Another point related to this that must be said is that this actually presents a unique opportunity (as must all weakening and defeats be converted, according to Mao Zedong) for the national democratic movement.  The time is ripe to distinguish ourselves from all the other groups that purport to present an alternative that have suddenly popped up during this much-contended Duterte  presidency.

As it stands this is a tricky task for the NDs, given the overlap of their positions on many of the immediate issues of the day, such as the Marcos burial and extra-judicial killings. But, as mentioned above, the distinction must be demonstrated in the depth of analysis.  If the national democratic movement does indeed hold the sharpest tools in the analysis of social conditions, then it must wield these expertly now, more than ever, especially to bear upon two specific ideological matters.

First is that these tools must be used to unmask those very pseudo-progressives who have suddenly crawled out of the woodwork.  That they simply place responsibility on Digong’sdoor jives well with their ultimate motive which is to simply discredit the President.  I would not hesitate to predict that, if ever Duterte is removed from his position, most of them will return to their silent state, mindless of whether change that is beneficial to many has been effected or not.

The situation to be forged is not one in which we are lumped along with them (and with whatever position is popular at the moment), but one in which we set ourselves apart; in a situation when so many claim to be progressive, it is the ND’s task to draw a sharp line between those who really are and those who are not.

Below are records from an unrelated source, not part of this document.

(* Let $V:\mathbb{R}\to\mathbb{R}$ be convex and $L$-Lipschitz with $m:=e^{-V}$ a probability density. Let $0<c<C$ and $f\in\mathcal{P}_{c,C}$. Then there exist constants $0<c'<C'$, depending only on $c$, $C$ and $V$, such that every measure on the $W_2$-geodesic between $f$ and $m$ belongs to $\mathcal{P}_{c',C'}$.
   Context: For $0<a<b$, $\mathcal{P}_{a,b}:=\{g\in\mathcal{P}(\mathbb{R}):\ a\,m\le g\le b\,m\}$ (probability densities pointwise between $a\,m$ and $b\,m$). The $W_2$-geodesic between $m$ and $f$ is $(\mu_t)_{t\in[0,1]}$, $\mu_t=((1-t)\mathrm{id}+tT)_\# m$, where $T=F_f^{-1}\circ F_m$ is the monotone optimal transport map from $m$ to $f$ ($F$ denoting cumulative distribution functions). *)

theory Defs
  imports "HOL-Probability.Probability"
begin

definition Pab :: "real \<Rightarrow> real \<Rightarrow> (real \<Rightarrow> real) \<Rightarrow> (real \<Rightarrow> real) set" where
  "Pab a b m = {g. g \<in> borel_measurable borel
      \<and> prob_space (density lborel (\<lambda>x. ennreal (g x)))
      \<and> (\<forall>x. a * m x \<le> g x \<and> g x \<le> b * m x)}"

definition cdf_of :: "(real \<Rightarrow> real) \<Rightarrow> real \<Rightarrow> real" where
  "cdf_of g x = measure (density lborel (\<lambda>y. ennreal (g y))) {..x}"

definition quantile_of :: "(real \<Rightarrow> real) \<Rightarrow> real \<Rightarrow> real" where
  "quantile_of g u = Inf {x. u \<le> cdf_of g x}"

definition ot_map :: "(real \<Rightarrow> real) \<Rightarrow> (real \<Rightarrow> real) \<Rightarrow> real \<Rightarrow> real" where
  "ot_map m f x = quantile_of f (cdf_of m x)"

definition geodesic_pt :: "(real \<Rightarrow> real) \<Rightarrow> (real \<Rightarrow> real) \<Rightarrow> real \<Rightarrow> real measure" where
  "geodesic_pt m f t = distr (density lborel (\<lambda>x. ennreal (m x))) lborel
      (\<lambda>x. (1 - t) * x + t * ot_map m f x)"

end

theory Submission
  imports Defs
begin

(* In dimension one T = F_f^-1 o F_m satisfies F_f (T x) = F_m x, and the geodesic point mu_t
   is the push-forward of m under S_t = (1 - t) id + t T.
   Convexity and integrability of e^-V force V to grow at least linearly at both ends, so m has
   exponential tails; since c m <= f <= C m, the tails of F_f and F_m are comparable, and T moves
   every point by at most a constant D.  As V is L-Lipschitz, m varies at most by the factor
   exp (L (D + 1)) on any interval of length D + 1, so on intervals of length at most 1 each of
   id, T and S_t changes m-masses only by bounded factors.  Summing over unit steps, S_t changes
   the m-mass of every interval by a factor between 1/kappa and kappa; hence
   m/kappa <= mu_t <= kappa m on all Borel sets, and the Radon-Nikodym density of mu_t lies in
   P_{1/kappa, kappa}. *)

section \<open>Distribution functions of densities\<close>

abbreviation lborel_density :: "(real \<Rightarrow> real) \<Rightarrow> real measure" where
  "lborel_density g \<equiv> density lborel (\<lambda>x. ennreal (g x))"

In order to do this, (and second) we must elevate the discussion to go beyond simply expressing dismay and outrage at the President, something that progressive poseurs are already doing.  After all, of course we critique presidents, but we must never lose sight of the basic ills that continue to outlive any single presidency:  imperial domination and exploitation, bureaucratic capitalism characterized by oligarchs and corruption, and backward feudal economics and culture.

In the current administration’s case, when writings raise the question of human rights (as claimed to be “universal” and “transcendental”), is there a coupled explicit stand on “people’s rights” and the rights of exploited classes?  Is there a recognition of the politicized nature of the “rights” concept in that it can be used against the marginalized?  Also, when writings argue against the burial of Marcos in the Libingan ng mga Bayani, is there a recognition that the same injustices during the Martial Law regime persist until today in the form of continued political repression and the existence of political detainees?

That the very conditions that Marcos in the first place sought to preserve by declaring Martial Law are precisely those that the current GRP-NDF peace talks wish to overturn?  If not, then, to borrow from David Hume:  “commit them to flames for they contain nothing but sophistry”, if not plain destabilization acts and pseudo-mobilizations devoid of revolutionary goals.